## DIRECTIONS
The expected output is the first line of the data below and every line after it, up to and including the line containing "(pd i (\<lambda>q.", each reproduced exactly.

:: ENTRIES PROVIDED ::

definition nablaRic :: "metric \<Rightarrow> pt \<Rightarrow> pt \<Rightarrow> pt \<Rightarrow> pt \<Rightarrow> real" where
  "nablaRic g p X1 X2 X3 = (\<Sum>i\<in>UNIV. \<Sum>j\<in>UNIV. \<Sum>k\<in>UNIV. X1$i * X2$j * X3$k *
     (pd i (\<lambda>q. Ric g q (e j) (e k)) p
      - (\<Sum>m\<in>UNIV. Gam g p m i j * Ric g p (e m) (e k))
      - (\<Sum>m\<in>UNIV. Gam g p m i k * Ric g p (e j) (e m))))"

definition ricci_codazzi :: "metric \<Rightarrow> pt set \<Rightarrow> bool" where
  "ricci_codazzi g U \<longleftrightarrow> (\<forall>p\<in>U. \<forall>X1 X2 X3.
     nablaRic g p X1 X2 X3 = nablaRic g p X2 X1 X3)"

definition ricci_cyclic_parallel :: "metric \<Rightarrow> pt set \<Rightarrow> bool" where
  "ricci_cyclic_parallel g U \<longleftrightarrow> (\<forall>p\<in>U. \<forall>X1 X2 X3.
     nablaRic g p X1 X2 X3 + nablaRic g p X2 X3 X1 + nablaRic g p X3 X1 X2 = 0)"

definition ricci_compatible :: "(metric \<Rightarrow> tensor4) \<Rightarrow> metric \<Rightarrow> pt set \<Rightarrow> bool" where
  "ricci_compatible T g U \<longleftrightarrow> (\<forall>p\<in>U. \<forall>X X1 X2 X3.
     T g p (Ricop g p X1) X X2 X3 + T g p (Ricop g p X2) X X3 X1
     + T g p (Ricop g p X3) X X1 X2 = 0)"

text \<open>Goedel metric, coordinates (x,y,z,t) = indices 0,1,2,3:
  g = dt^2 + 1/2 e^(2mx) dy^2 - dx^2 - dz^2 + 2 e^(mx) dt dy\<close>
definition godel_metric :: "real \<Rightarrow> metric" where
  "godel_metric m p i j =
     (if i = 3 \<and> j = 3 then 1
      else if i = 1 \<and> j = 1 then exp (2 * m * p$0) / 2
      else if i = 0 \<and> j = 0 then -1
      else if i = 2 \<and> j = 2 then -1
      else if (i = 3 \<and> j = 1) \<or> (i = 1 \<and> j = 3) then exp (m * p$0)
      else 0)"

text \<open>Som-Raychaudhuri metric, coordinates (t,phi,r,z) = indices 0,1,2,3:
  g = (dt + a r^2 dphi)^2 - r^2 dphi^2 - dr^2 - dz^2\<close>
definition som_ray_metric :: "real \<Rightarrow> metric" where
  "som_ray_metric a p i j =
     (if i = 0 \<and> j = 0 then 1
      else if (i = 0 \<and> j = 1) \<or> (i = 1 \<and> j = 0) then a * (p$2)^2
      else if i = 1 \<and> j = 1 then a^2 * (p$2)^4 - (p$2)^2
      else if i = 2 \<and> j = 2 then -1
      else if i = 3 \<and> j = 3 then -1
      else 0)"

end

theory Submission
  imports Defs
begin
lemma shift_int_B:
  assumes "((a, c), (b, d)) \<in> B"
  shows "((a, c), (b + of_int n * lam * a, d + of_int n * lam * c)) \<in> B"
proof (induction n rule: int_induct[where k = 0])
  case base
  show ?case using assms by simp
next
  case (step1 i)
  then show ?case
    using shift_B[OF step1(2)] by (simp add: algebra_simps)
next
  case (step2 i)
  then show ?case
    using unshift_B[OF step2(2)] by (simp add: algebra_simps)
qed

definition basis_vector :: "real \<times> real \<Rightarrow> bool" where
  "basis_vector y \<longleftrightarrow> (\<exists>r. (y, r) \<in> B)"

lemma basis_vector_fst: "(p, r) \<in> B \<Longrightarrow> basis_vector p"
  unfolding basis_vector_def by blast

lemma basis_vector_uminus: "basis_vector (a, c) \<Longrightarrow> basis_vector (- a, - c)"
  using rotate_B[OF rotate_B] by (fastforce simp: basis_vector_def)

definition good_vector :: "real \<times> real \<Rightarrow> bool" where
  "good_vector y \<longleftrightarrow> basis_vector y \<and> 0 < fst y \<and> \<bar>fst y * snd y\<bar> \<le> 1/2"

lemma good_vector_of_basis_vector:
  assumes "basis_vector (a, c)" "a \<noteq> 0" "\<bar>a * c\<bar> \<le> 1/2"
  obtains y where "good_vector y" "\<bar>snd y\<bar> = \<bar>c\<bar>"
proof (cases "0 < a")
  case True
  then show ?thesis
    using assms by (intro that[of "(a, c)"]) (auto simp: good_vector_def)
next
  case False
  then show ?thesis
    using assms basis_vector_uminus by (intro that[of "(- a, - c)"]) (auto simp: good_vector_def)
qed

text \<open>\<open>S\<close> followed by \<open>T\<^sub>q\<close> sends the basis \<open>(p, r)\<close> to \<open>(r, \<lambda> r - p)\<close>. As \<open>S T\<^sub>q\<close> has trace
  \<open>\<lambda> = 2 cos (\<pi>/q)\<close>, it is elliptic of order \<open>q\<close>, and its powers are given by Chebyshev
  polynomials.\<close>

definition rotation_orbit :: "real \<times> real \<Rightarrow> real \<times> real \<Rightarrow> nat \<Rightarrow> real \<times> real" where
  "rotation_orbit p r k = (U (Suc k) * fst p + U k * fst r, U (Suc k) * snd p + U k * snd r)"

lemma rotation_orbit_B:
  assumes "((a, c), (b, d)) \<in> B"
  shows "(rotation_orbit (a, c) (b, d) k, rotation_orbit (a, c) (b, d) (Suc k)) \<in> B"
proof (induction k)
  case 0
  show ?case
    using shift_B[OF assms]
    by (simp add: rotation_orbit_def U_1[unfolded One_nat_def] U_2[unfolded numeral_2_eq_2] add.commute)
next
  case (Suc k)
  obtain x z x' z'
    where V: "rotation_orbit (a, c) (b, d) k = (x, z)" "rotation_orbit (a, c) (b, d) (Suc k) = (x', z')"
    by fastforce
  have "((x', z'), (- x + lam * x', - z + lam * z')) \<in> B"
    using shift_B[OF rotate_B] Suc.IH V by simp
  moreover have "rotation_orbit (a, c) (b, d) (Suc (Suc k)) =
    (- fst (rotation_orbit (a, c) (b, d) k) + lam * fst (rotation_orbit (a, c) (b, d) (Suc k)),
     - snd (rotation_orbit (a, c) (b, d) k) + lam * snd (rotation_orbit (a, c) (b, d) (Suc k)))"
    by (simp add: rotation_orbit_def U_Suc_Suc algebra_simps)
  ultimately show ?case
    using V by simp
qed

lemma rotation_orbit_vertical:
  "rotation_orbit (0, e) (b, t * e) k = (U k * b, e * (U (Suc k) + U k * t))"
  by (simp add: rotation_orbit_def algebra_simps)

text \<open>For a basis with first vector \<open>(0, e)\<close>, normalized so that \<open>-\<lambda> < t \<le> 0\<close>, the product
  \<open>x z\<close> along the rotation orbit is \<open>\<le> 0\<close> at step \<open>1\<close> and \<open>\<ge> 0\<close> at step \<open>q - 1\<close>.\<close>

lemma rotation_orbit_crossing:
  assumes "((0, e), (b, t * e)) \<in> B" "- lam < t" "t \<le> 0"
  obtains j where "0 < j" "j < q" "\<bar>U j * b * (e * (U (Suc j) + U j * t))\<bar> \<le> 1/2"
proof -
  define V where "V = rotation_orbit (0, e) (b, t * e)"
  define f where "f k = fst (V k) * snd (V k)" for k
  have "e * b = - 1"
    using det_B[OF assms(1)] by simp
  moreover have "f k = (e * b) * (U k * (U (Suc k) + U k * t))" for k
    unfolding f_def V_def rotation_orbit_vertical by (simp add: algebra_simps)
  ultimately have f: "f k = - (U k * (U (Suc k) + U k * t))" for k
    by simp
  have f1: "f 1 \<le> 0"
    using assms(2) U_1 U_2 by (simp add: f numeral_2_eq_2)
  have "Suc (q - 1) = q"
    using q_ge_3 by simp
  have fq: "0 \<le> f (q - 1)"
    unfolding f \<open>Suc (q - 1) = q\<close> U_q U_q_minus_1 using assms(3) by simp
  have "1 < q - 1"
    using q_ge_3 by simp
  then obtain k where k: "1 \<le> k" "k < q - 1" "f k * f (Suc k) \<le> 0"
    by (rule sign_change_step[OF f1 fq])
  obtain x z x' z' where xz: "V k = (x, z)" "V (Suc k) = (x', z')"
    by fastforce
  have "((x, z), (x', z')) \<in> B"
    using rotation_orbit_B[OF assms(1), of k] xz by (simp add: V_def)
  then have "\<bar>f k\<bar> \<le> 1/2 \<or> \<bar>f (Suc k)\<bar> \<le> 1/2"
    using unimodular_opposite_products det_B k(3) xz by (simp add: f_def)
  then obtain j where "j \<in> {k, Suc k}" "\<bar>f j\<bar> \<le> 1/2"
    by blast
  then show ?thesis
    using k by (intro that[of j]) (auto simp: f_def V_def rotation_orbit_vertical)
qed

lemma abs_rotation_coeff_le:
  assumes "\<bar>t\<bar> \<le> 2"
  shows "\<bar>U (Suc k) + U k * t\<bar> \<le> 3 / s"
proof -
  have "\<bar>U (Suc k) + U k * t\<bar> \<le> \<bar>U (Suc k)\<bar> + \<bar>U k\<bar> * \<bar>t\<bar>"
    by (metis abs_mult abs_triangle_ineq)
  also have "\<dots> \<le> 1 / s + 1 / s * 2"
    using abs_U_le[of "Suc k"] abs_U_le[of k] assms s_pos by (intro add_mono mult_mono) auto
  finally show ?thesis
    by simp
qed

lemma good_vector_from_vertical:
  assumes "((0, e), (b, d)) \<in> B"
  obtains y where "good_vector y" "\<bar>snd y\<bar> \<le> 3 / s * \<bar>e\<bar>"
proof -
  have "e * b = - 1"
    using det_B[OF assms] by simp
  then have e: "e \<noteq> 0" and b: "b \<noteq> 0"
    by auto
  have "0 < lam"
    using lam_ge_1 by simp
  then obtain n :: int where n: "- lam < d / e + of_int n * lam" "d / e + of_int n * lam \<le> 0"
    by (rule exists_int_shift_nonpos)
  define t where "t = d / e + of_int n * lam"
  have "t * e = d + of_int n * lam * e"
    using e by (simp add: t_def field_simps)
  then have Bt: "((0, e), (b, t * e)) \<in> B"
    using shift_int_B[OF assms, of n] by simp
  have t: "- lam < t" "t \<le> 0"
    using n by (simp_all add: t_def)
  obtain j where j: "0 < j" "j < q" "\<bar>U j * b * (e * (U (Suc j) + U j * t))\<bar> \<le> 1/2"
    using Bt t by (rule rotation_orbit_crossing)
  have "basis_vector (U j * b, e * (U (Suc j) + U j * t))"
    using basis_vector_fst[OF rotation_orbit_B[OF Bt, of j]] by (simp add: rotation_orbit_vertical)
  moreover have "U j * b \<noteq> 0"
    using U_pos[OF j(1,2)] b by simp
  ultimately obtain y where y: "good_vector y" "\<bar>snd y\<bar> = \<bar>e\<bar> * \<bar>U (Suc j) + U j * t\<bar>"
    using j(3) by (rule good_vector_of_basis_vector) (simp add: abs_mult)
  have "\<bar>U (Suc j) + U j * t\<bar> \<le> 3 / s"
    using t lam_less_2 by (intro abs_rotation_coeff_le) simp
  then have "\<bar>U (Suc j) + U j * t\<bar> * \<bar>e\<bar> \<le> 3 / s * \<bar>e\<bar>"
    by (rule mult_right_mono) simp
  with y(2) have "\<bar>snd y\<bar> \<le> 3 / s * \<bar>e\<bar>"
    by (metis mult.commute)
  with y(1) show ?thesis
    by (rule that)
qed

:::

## EXERCISE SOLUTION
definition nablaRic :: "metric \<Rightarrow> pt \<Rightarrow> pt \<Rightarrow> pt \<Rightarrow> pt \<Rightarrow> real" where
  "nablaRic g p X1 X2 X3 = (\<Sum>i\<in>UNIV. \<Sum>j\<in>UNIV. \<Sum>k\<in>UNIV. X1$i * X2$j * X3$k *
     (pd i (\<lambda>q. Ric g q (e j) (e k)) p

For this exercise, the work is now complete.